(* Let $\mathcal{X}$ and $\mathcal{Y}$ be finite sets with $2 \le |\mathcal{X}|,|\mathcal{Y}| < \infty$, and let $X,Y$ have joint pmf $P_{X,Y}$ with $P_X(x)>0$ for all $x\in\mathcal{X}$ and $P_Y(y)>0$ for all $y\in\mathcal{Y}$. Then $$\eta_{\chi^2}(P_X,P_{Y|X}) \le \eta_{\mathrm{KL}}(P_X,P_{Y|X}) \le \frac{\eta_{\chi^2}(P_X,P_{Y|X})}{\min_{x\in\mathcal{X}}P_X(x)}.$$
   Context: Let $W$ be the column stochastic matrix of the channel $P_{Y|X}$ (its $x$th column is $P_{Y|X=x}$), mapping a pmf $R_X$ on $\mathcal{X}$ to $WR_X$ on $\mathcal{Y}$. The KL divergence is $D(R_X\|P_X)=\sum_x R_X(x)\log(R_X(x)/P_X(x))$ (natural log), and the $\chi^2$-divergence is $\chi^2(R_X\|P_X)=\sum_x (R_X(x)-P_X(x))^2/P_X(x)$. For a divergence $D_\bullet$ in $\{D,\chi^2\}$, the contraction coefficient is $\eta_\bullet(P_X,P_{Y|X})=\sup\{D_\bullet(WR_X\|WP_X)/D_\bullet(R_X\|P_X): R_X \text{ a pmf on } \mathcal{X},\ 0<D_\bullet(R_X\|P_X)<\infty\}$; $\eta_{\mathrm{KL}}$ is the one for KL divergence and $\eta_{\chi^2}$ the one for $\chi^2$-divergence. *)

theory Defs
  imports Complex_Main "HOL-Library.Cardinality"
begin

definition is_pmf :: "('a::finite \<Rightarrow> real) \<Rightarrow> bool" where
  "is_pmf R \<longleftrightarrow> (\<forall>x. 0 \<le> R x) \<and> (\<Sum>x\<in>UNIV. R x) = 1"

definition kl_div :: "('a::finite \<Rightarrow> real) \<Rightarrow> ('a \<Rightarrow> real) \<Rightarrow> real" where
  "kl_div R P = (\<Sum>x\<in>UNIV. if R x = 0 then 0 else R x * ln (R x / P x))"

definition chi2_div :: "('a::finite \<Rightarrow> real) \<Rightarrow> ('a \<Rightarrow> real) \<Rightarrow> real" where
  "chi2_div R P = (\<Sum>x\<in>UNIV. (R x - P x)^2 / P x)"

definition marg_X :: "('x::finite \<Rightarrow> 'y::finite \<Rightarrow> real) \<Rightarrow> 'x \<Rightarrow> real" where
  "marg_X P x = (\<Sum>y\<in>UNIV. P x y)"

definition marg_Y :: "('x::finite \<Rightarrow> 'y::finite \<Rightarrow> real) \<Rightarrow> 'y \<Rightarrow> real" where
  "marg_Y P y = (\<Sum>x\<in>UNIV. P x y)"

definition channel :: "('x::finite \<Rightarrow> 'y::finite \<Rightarrow> real) \<Rightarrow> 'y \<Rightarrow> 'x \<Rightarrow> real" where
  "channel P y x = P x y / marg_X P x"

definition channel_apply :: "('x::finite \<Rightarrow> 'y::finite \<Rightarrow> real) \<Rightarrow> ('x \<Rightarrow> real) \<Rightarrow> 'y \<Rightarrow> real" where
  "channel_apply P R y = (\<Sum>x\<in>UNIV. channel P y x * R x)"

text \<open>Since P_X > 0 and P_Y > 0 are assumed,
  both divergences are always finite, so the condition D < infinity is automatic.\<close>
definition contraction_coeff ::
  "(('x::finite \<Rightarrow> real) \<Rightarrow> ('x \<Rightarrow> real) \<Rightarrow> real) \<Rightarrow>
   (('y::finite \<Rightarrow> real) \<Rightarrow> ('y \<Rightarrow> real) \<Rightarrow> real) \<Rightarrow>
   ('x \<Rightarrow> 'y \<Rightarrow> real) \<Rightarrow> real" where
  "contraction_coeff DivX DivY P =
     Sup {DivY (channel_apply P R) (channel_apply P (marg_X P)) / DivX R (marg_X P) | R.
           is_pmf R \<and> 0 < DivX R (marg_X P)}"

definition eta_KL :: "('x::finite \<Rightarrow> 'y::finite \<Rightarrow> real) \<Rightarrow> real" where
  "eta_KL P = contraction_coeff kl_div kl_div P"

definition eta_chi2 :: "('x::finite \<Rightarrow> 'y::finite \<Rightarrow> real) \<Rightarrow> real" where
  "eta_chi2 P = contraction_coeff chi2_div chi2_div P"

end

theory Submission
  imports Defs "HOL-Analysis.Convex" "HOL-Real_Asymp.Real_Asymp"
begin
subsection \<open>Linearization error under Lipschitz derivatives\<close>

lemma increment_le_of_deriv_le_linear:
  fixes h h' :: "real \<Rightarrow> real"
  assumes "\<And>t. 0 \<le> t \<Longrightarrow> t \<le> 1 \<Longrightarrow> (h has_real_derivative h' t) (at t)"
    and "\<And>t. 0 \<le> t \<Longrightarrow> t \<le> 1 \<Longrightarrow> h' t \<le> K * t"
  shows "h 1 - h 0 \<le> K / 2"
proof -
  define p where "p t = h t - K * t\<^sup>2 / 2" for t
  have "p 1 \<le> p 0"
  proof (rule DERIV_nonpos_imp_nonincreasing[of 0 1 p])
    fix t :: real
    assume t: "0 \<le> t" "t \<le> 1"
    have "(p has_real_derivative (h' t - K * t)) (at t)"
      unfolding p_def using assms(1)[OF t] by (auto intro!: derivative_eq_intros)
    then show "\<exists>y. (p has_real_derivative y) (at t) \<and> y \<le> 0"
      using assms(2)[OF t] by auto
  qed simp
  then show ?thesis
    unfolding p_def by simp
qed

lemma has_real_derivative_along_line:
  fixes G :: "'a::real_normed_vector \<Rightarrow> real"
  assumes "(G has_derivative G') (at (x + t *\<^sub>R s))"
  shows "((\<lambda>t. G (x + t *\<^sub>R s)) has_real_derivative G' s) (at t)"
proof -
  have "((\<lambda>t. x + t *\<^sub>R s) has_derivative (\<lambda>d. d *\<^sub>R s)) (at t)"
    by (auto intro!: derivative_eq_intros)
  from has_derivative_compose[OF this assms]
  have "((\<lambda>t. G (x + t *\<^sub>R s)) has_derivative (\<lambda>d. G' (d *\<^sub>R s))) (at t)" .
  then show ?thesis
    using linear_scale[OF has_derivative_linear[OF assms]]
    by (auto intro: has_derivative_imp_has_field_derivative)
qed

lemma inner_sgn_self: "sgn x \<bullet> x = norm (x :: 'a::real_inner)"
  by (cases "x = 0") (simp_all add: sgn_div_norm dot_square_norm power2_eq_square)


lemma linearization_error_le:
  fixes F :: "'a::real_normed_vector \<Rightarrow> 'b::real_inner"
  assumes deriv: "\<And>t. 0 \<le> t \<Longrightarrow> t \<le> 1 \<Longrightarrow> (F has_derivative F' (x + t *\<^sub>R s)) (at (x + t *\<^sub>R s))"
    and lip: "\<And>t. 0 \<le> t \<Longrightarrow> t \<le> 1 \<Longrightarrow> norm (F' (x + t *\<^sub>R s) s - F' x s) \<le> L * t * (norm s)\<^sup>2"
  shows "norm (F (x + s) - F x - F' x s) \<le> L / 2 * (norm s)\<^sup>2"
proof -
  define e where "e = sgn (F (x + s) - F x - F' x s)"
  define h where "h t = e \<bullet> F (x + t *\<^sub>R s) - t * (e \<bullet> F' x s)" for t
  have "h 1 - h 0 \<le> L * (norm s)\<^sup>2 / 2"
  proof (rule increment_le_of_deriv_le_linear)
    fix t :: real
    assume t: "0 \<le> t" "t \<le> 1"
    have "((\<lambda>y. e \<bullet> F y) has_derivative (\<lambda>d. e \<bullet> F' (x + t *\<^sub>R s) d)) (at (x + t *\<^sub>R s))"
      using deriv[OF t] by (auto intro!: derivative_eq_intros)
    from has_real_derivative_along_line[OF this]
    show "(h has_real_derivative (e \<bullet> F' (x + t *\<^sub>R s) s - e \<bullet> F' x s)) (at t)"
      unfolding h_def by (auto intro!: derivative_eq_intros)
    have "e \<bullet> F' (x + t *\<^sub>R s) s - e \<bullet> F' x s \<le> norm e * norm (F' (x + t *\<^sub>R s) s - F' x s)"
      using norm_cauchy_schwarz[of e "F' (x + t *\<^sub>R s) s - F' x s"] by (simp add: inner_diff_right)
    also have "\<dots> \<le> norm (F' (x + t *\<^sub>R s) s - F' x s)"
      by (rule mult_left_le_one_le) (auto simp: e_def norm_sgn)
    also have "\<dots> \<le> L * t * (norm s)\<^sup>2"
      by (rule lip[OF t])
    finally show "e \<bullet> F' (x + t *\<^sub>R s) s - e \<bullet> F' x s \<le> L * (norm s)\<^sup>2 * t"
      by (simp add: mult_ac)
  qed
  moreover have "h 1 - h 0 = e \<bullet> (F (x + s) - F x - F' x s)"
    unfolding h_def by (simp add: inner_diff_right)
  moreover have "\<dots> = norm (F (x + s) - F x - F' x s)"
    unfolding e_def by (rule inner_sgn_self)
  ultimately show ?thesis
    by simp
qed

lemma lipschitz_gradient_upper_bound:
  fixes f :: "'a::real_inner \<Rightarrow> real"
  assumes deriv: "\<And>z. (f has_derivative (\<lambda>h. g z \<bullet> h)) (at z)"
    and X: "convex X" "x \<in> X" "x + s \<in> X"
    and lip: "\<And>y z. y \<in> X \<Longrightarrow> z \<in> X \<Longrightarrow> norm (g y - g z) \<le> L * dist y z"
  shows "f (x + s) \<le> f x + g x \<bullet> s + L / 2 * (norm s)\<^sup>2"
proof -
  have "norm (f (x + s) - f x - g x \<bullet> s) \<le> L / 2 * (norm s)\<^sup>2"
  proof (rule linearization_error_le[where F' = "\<lambda>z h. g z \<bullet> h"])
    fix t :: real
    assume t: "0 \<le> t" "t \<le> 1"
    show "(f has_derivative (\<lambda>h. g (x + t *\<^sub>R s) \<bullet> h)) (at (x + t *\<^sub>R s))"
      by (rule deriv)
    have "x + t *\<^sub>R s \<in> X"
      by (rule convex_mem_add_scaleR[OF X t])
    then have "norm (g (x + t *\<^sub>R s) - g x) \<le> L * (t * norm s)"
      using lip[OF \<open>x + t *\<^sub>R s \<in> X\<close> X(2)] t by (simp add: dist_norm)
    then have "norm (g (x + t *\<^sub>R s) - g x) * norm s \<le> L * (t * norm s) * norm s"
      by (rule mult_right_mono) simp
    moreover have "norm (g (x + t *\<^sub>R s) \<bullet> s - g x \<bullet> s) \<le> norm (g (x + t *\<^sub>R s) - g x) * norm s"
      using Cauchy_Schwarz_ineq2[of "g (x + t *\<^sub>R s) - g x" s] by (simp add: inner_diff_left)
    ultimately show "norm (g (x + t *\<^sub>R s) \<bullet> s - g x \<bullet> s) \<le> L * t * (norm s)\<^sup>2"
      by (simp add: power2_eq_square mult_ac)
  qed
  then show ?thesis
    using abs_ge_self[of "f (x + s) - f x - g x \<bullet> s"] by simp
qed

lemma lipschitz_jacobian_linearization_bound:
  fixes c :: "real^'n \<Rightarrow> real^'m" and J :: "real^'n \<Rightarrow> real^'n^'m"
  assumes deriv: "\<And>z. (c has_derivative (\<lambda>h. J z *v h)) (at z)"
    and X: "convex X" "x \<in> X" "x + s \<in> X"
    and lip: "\<And>y z. y \<in> X \<Longrightarrow> z \<in> X \<Longrightarrow> spec_norm (J y - J z) \<le> L * dist y z"
  shows "norm (c (x + s)) \<le> norm (c x + J x *v s) + L / 2 * (norm s)\<^sup>2"
proof -
  have "norm (c (x + s) - c x - J x *v s) \<le> L / 2 * (norm s)\<^sup>2"
  proof (rule linearization_error_le[where F' = "\<lambda>z h. J z *v h"])
    fix t :: real
    assume t: "0 \<le> t" "t \<le> 1"
    show "(c has_derivative (\<lambda>h. J (x + t *\<^sub>R s) *v h)) (at (x + t *\<^sub>R s))"
      by (rule deriv)
    have "x + t *\<^sub>R s \<in> X"
      by (rule convex_mem_add_scaleR[OF X t])
    then have "spec_norm (J (x + t *\<^sub>R s) - J x) \<le> L * (t * norm s)"
      using lip[OF \<open>x + t *\<^sub>R s \<in> X\<close> X(2)] t by (simp add: dist_norm)
    then have "norm ((J (x + t *\<^sub>R s) - J x) *v s) \<le> L * (t * norm s) * norm s"
      by (rule norm_matrix_vector_le)
    then show "norm (J (x + t *\<^sub>R s) *v s - J x *v s) \<le> L * t * (norm s)\<^sup>2"
      by (simp add: matrix_vector_mult_diff_rdistrib power2_eq_square mult_ac)
  qed
  moreover have "norm (c (x + s)) \<le> norm (c x + J x *v s) + norm (c (x + s) - c x - J x *v s)"
    using norm_triangle_ineq[of "c x + J x *v s" "c (x + s) - c x - J x *v s"] by simp
  ultimately show ?thesis
    by linarith
qed

subsection \<open>Merit function and merit parameter\<close>

lemma merit_le_sub_delta_q:
  fixes f r :: "real^'n \<Rightarrow> real" and c :: "real^'n \<Rightarrow> real^'m"
  assumes f_le: "f (x + s) \<le> f x + g x \<bullet> s + L_g / 2 * (norm s)\<^sup>2"
    and c_le: "norm (c (x + s)) \<le> norm (c x + J x *v s) + L_J / 2 * (norm s)\<^sup>2"
    and step: "a * (t * L_g + L_J) \<le> t" and "0 \<le> t" "0 < a"
  shows "merit f r c t (x + s) \<le> merit f r c t x - delta_q g c J r a x s t"
proof -
  define n2 where "n2 = (norm s)\<^sup>2"
  have "(t * L_g + L_J) * n2 \<le> t / a * n2"
    using step \<open>0 < a\<close> unfolding n2_def by (intro mult_right_mono) (simp_all add: le_divide_eq mult.commute)
  then have curvature: "t * (L_g / 2 * n2) + L_J / 2 * n2 \<le> t * (n2 / (2 * a))"
    by (simp add: algebra_simps)
  have "t * f (x + s) \<le> t * (f x + g x \<bullet> s + L_g / 2 * n2)"
    using f_le \<open>0 \<le> t\<close> unfolding n2_def by (rule mult_left_mono)
  moreover have "merit f r c t (x + s) = t * f (x + s) + t * r (x + s) + norm (c (x + s))"
    "merit f r c t x = t * f x + t * r x + norm (c x)"
    by (simp_all add: merit_def distrib_left)
  moreover have "delta_q g c J r a x s t
      = norm (c x) - norm (c x + J x *v s) - t * (g x \<bullet> s) - t * (n2 / (2 * a)) - t * r (x + s) + t * r x"
    by (simp add: delta_q_def n2_def algebra_simps)
  ultimately show ?thesis
    using c_le curvature unfolding n2_def by (simp add: distrib_left)
qed

lemma delta_q_nonneg:
  assumes model: "t * (g x \<bullet> s + \<sigma> * (norm s)\<^sup>2 / a + r (x + s) - r x)
                    \<le> (1 - \<sigma>\<^sub>c) * (norm (c x) - norm (c x + J x *v s))"
    and "norm (c x + J x *v s) \<le> norm (c x)" "0 \<le> \<sigma>\<^sub>c" "1 / 2 \<le> \<sigma>" "0 \<le> t" "0 < a"
  shows "0 \<le> delta_q g c J r a x s t"
proof -
  define n2 where "n2 = (norm s)\<^sup>2"
  define N where "N = norm (c x) - norm (c x + J x *v s)"
  have "1 / 2 * n2 / a \<le> \<sigma> * n2 / a"
    using assms(4,6) unfolding n2_def by (intro divide_right_mono mult_right_mono) auto
  then have "t * (n2 / (2 * a)) \<le> t * (\<sigma> * n2 / a)"
    using \<open>0 \<le> t\<close> by (intro mult_left_mono) auto
  moreover have "0 \<le> \<sigma>\<^sub>c * N"
    using assms(2,3) unfolding N_def by simp
  moreover have "delta_q g c J r a x s t = N - t * (g x \<bullet> s + r (x + s) - r x) - t * (n2 / (2 * a))"
    unfolding delta_q_def N_def n2_def by (simp add: algebra_simps)
  moreover have "t * (g x \<bullet> s + \<sigma> * n2 / a + r (x + s) - r x) = t * (g x \<bullet> s + r (x + s) - r x) + t * (\<sigma> * n2 / a)"
    by (simp add: algebra_simps)
  ultimately show ?thesis
    using model unfolding N_def n2_def by (simp add: algebra_simps)
qed

text \<open>Step 3 of the algorithm; the trial value is ignored when \<open>D \<le> 0\<close>, which encodes \<open>tau_trial = \<infinity>\<close>.\<close>

definition merit_param_update :: "real \<Rightarrow> real \<Rightarrow> real \<Rightarrow> real \<Rightarrow> real" where
  "merit_param_update \<epsilon> D trial prev =
     (if D \<le> 0 \<or> prev \<le> trial then prev else min ((1 - \<epsilon>) * prev) trial)"

lemma merit_param_update_le_trial:
  "0 < D \<Longrightarrow> merit_param_update \<epsilon> D trial prev \<le> trial"
  by (auto simp: merit_param_update_def)

lemma merit_param_update_lower_bound:
  assumes "0 \<le> \<epsilon>" "\<epsilon> \<le> 1" "0 \<le> trial_min" "0 < D \<Longrightarrow> trial_min \<le> trial"
    and "lb \<le> prev" "lb \<le> (1 - \<epsilon>) * trial_min"
  shows "lb \<le> merit_param_update \<epsilon> D trial prev"
proof (cases "D \<le> 0 \<or> prev \<le> trial")
  case False
  then have "trial_min \<le> trial"
    using assms(4) by simp
  then have "(1 - \<epsilon>) * trial_min \<le> (1 - \<epsilon>) * prev" "(1 - \<epsilon>) * trial_min \<le> trial"
    using False assms(1-3) by (auto intro: mult_left_mono order_trans[OF mult_left_le_one_le])
  then show ?thesis
    using False assms(6) by (simp add: merit_param_update_def)
qed (use assms(5) in \<open>auto simp: merit_param_update_def\<close>)

lemma merit_param_update_pos:
  assumes "0 < prev" "\<epsilon> < 1" "0 < D \<Longrightarrow> 0 < trial"
  shows "0 < merit_param_update \<epsilon> D trial prev"
  using assms by (auto simp: merit_param_update_def)

subsection \<open>Step-size bookkeeping\<close>

lemma step_size_ge:
  fixes alpha :: "nat \<Rightarrow> real"
  assumes "alpha 0 = alpha0" "0 < xi"
    and update: "\<And>k. alpha (Suc k) = (if k \<in> S then alpha k else xi * alpha k)"
    and small: "\<And>k. alpha k \<le> \<theta> \<Longrightarrow> k \<in> S"
  shows "min alpha0 (xi * \<theta>) \<le> alpha k"
proof (induction k)
  case 0
  then show ?case
    using assms(1) by simp
next
  case (Suc k)
  show ?case
  proof (cases "k \<in> S")
    case True
    then show ?thesis
      using Suc update by simp
  next
    case False
    then have "xi * \<theta> \<le> xi * alpha k"
      using small \<open>0 < xi\<close> by force
    then show ?thesis
      using False update by simp
  qed
qed

lemma step_size_eq_power:
  fixes alpha :: "nat \<Rightarrow> real"
  assumes "alpha 0 = alpha0"
    and update: "\<And>k. alpha (Suc k) = (if k \<in> S then alpha k else xi * alpha k)"
  shows "alpha k = alpha0 * xi ^ card ({..<k} - S)"
proof (induction k)
  case 0
  then show ?case
    using assms(1) by simp
next
  case (Suc k)
  then show ?case
    using update[of k] by (simp add: lessThan_Suc insert_Diff_if)
qed

lemma unsuccessful_finite_card_le:
  fixes alpha :: "nat \<Rightarrow> real"
  assumes "alpha 0 = alpha0" "0 < alpha0" "0 < xi" "xi < 1" "0 < \<theta>"
    and update: "\<And>k. alpha (Suc k) = (if k \<in> S then alpha k else xi * alpha k)"
    and small: "\<And>k. alpha k \<le> \<theta> \<Longrightarrow> k \<in> S"
  shows "finite {k. k \<notin> S}" "int (card {k. k \<notin> S}) \<le> max 0 \<lceil>ln (\<theta> / alpha0) / ln xi\<rceil>"
proof -
  define F where "F = {k. k \<notin> S}"
  define n where "n k = card ({..<k} - S)" for k
  define N where "N = nat \<lceil>ln (\<theta> / alpha0) / ln xi\<rceil>"
  have n_less: "n k < N" if "k \<in> F" for k
  proof -
    have "\<theta> < alpha k"
      using that small unfolding F_def by force
    then have "\<theta> / alpha0 < xi ^ n k"
      using step_size_eq_power[OF assms(1) update] assms(2) unfolding n_def by (simp add: pos_divide_less_eq mult.commute)
    then have "ln (\<theta> / alpha0) < real (n k) * ln xi"
      using assms(2,3,5) by (simp add: ln_realpow[symmetric])
    then have "real (n k) < ln (\<theta> / alpha0) / ln xi"
      using assms(3,4) by (simp add: less_divide_eq)
    then show ?thesis
      unfolding N_def by (simp add: zless_nat_eq_int_zless less_ceiling_iff)
  qed
  have "inj_on n F"
  proof (rule linorder_inj_onI')
    fix i j
    assume "i \<in> F" "j \<in> F" "i < j"
    then have "{..<i} - S \<subset> {..<j} - S"
      unfolding F_def by auto
    then have "n i < n j"
      unfolding n_def by (simp add: psubset_card_mono)
    then show "n i \<noteq> n j"
      by simp
  qed
  moreover have "n ` F \<subseteq> {..<N}"
    using n_less by auto
  ultimately have "finite F" "card F \<le> card {..<N}"
    using inj_on_finite card_inj_on_le by blast+
  then show "finite {k. k \<notin> S}" "int (card {k. k \<notin> S}) \<le> max 0 \<lceil>ln (\<theta> / alpha0) / ln xi\<rceil>"
    unfolding F_def N_def by auto
qed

——

# Problem
Which lines above hold the string "small"? Copy each of them.

# Reply
    and small: "\<And>k. alpha k \<le> \<theta> \<Longrightarrow> k \<in> S"
      using small \<open>0 < xi\<close> by force
    and small: "\<And>k. alpha k \<le> \<theta> \<Longrightarrow> k \<in> S"
      using that small unfolding F_def by force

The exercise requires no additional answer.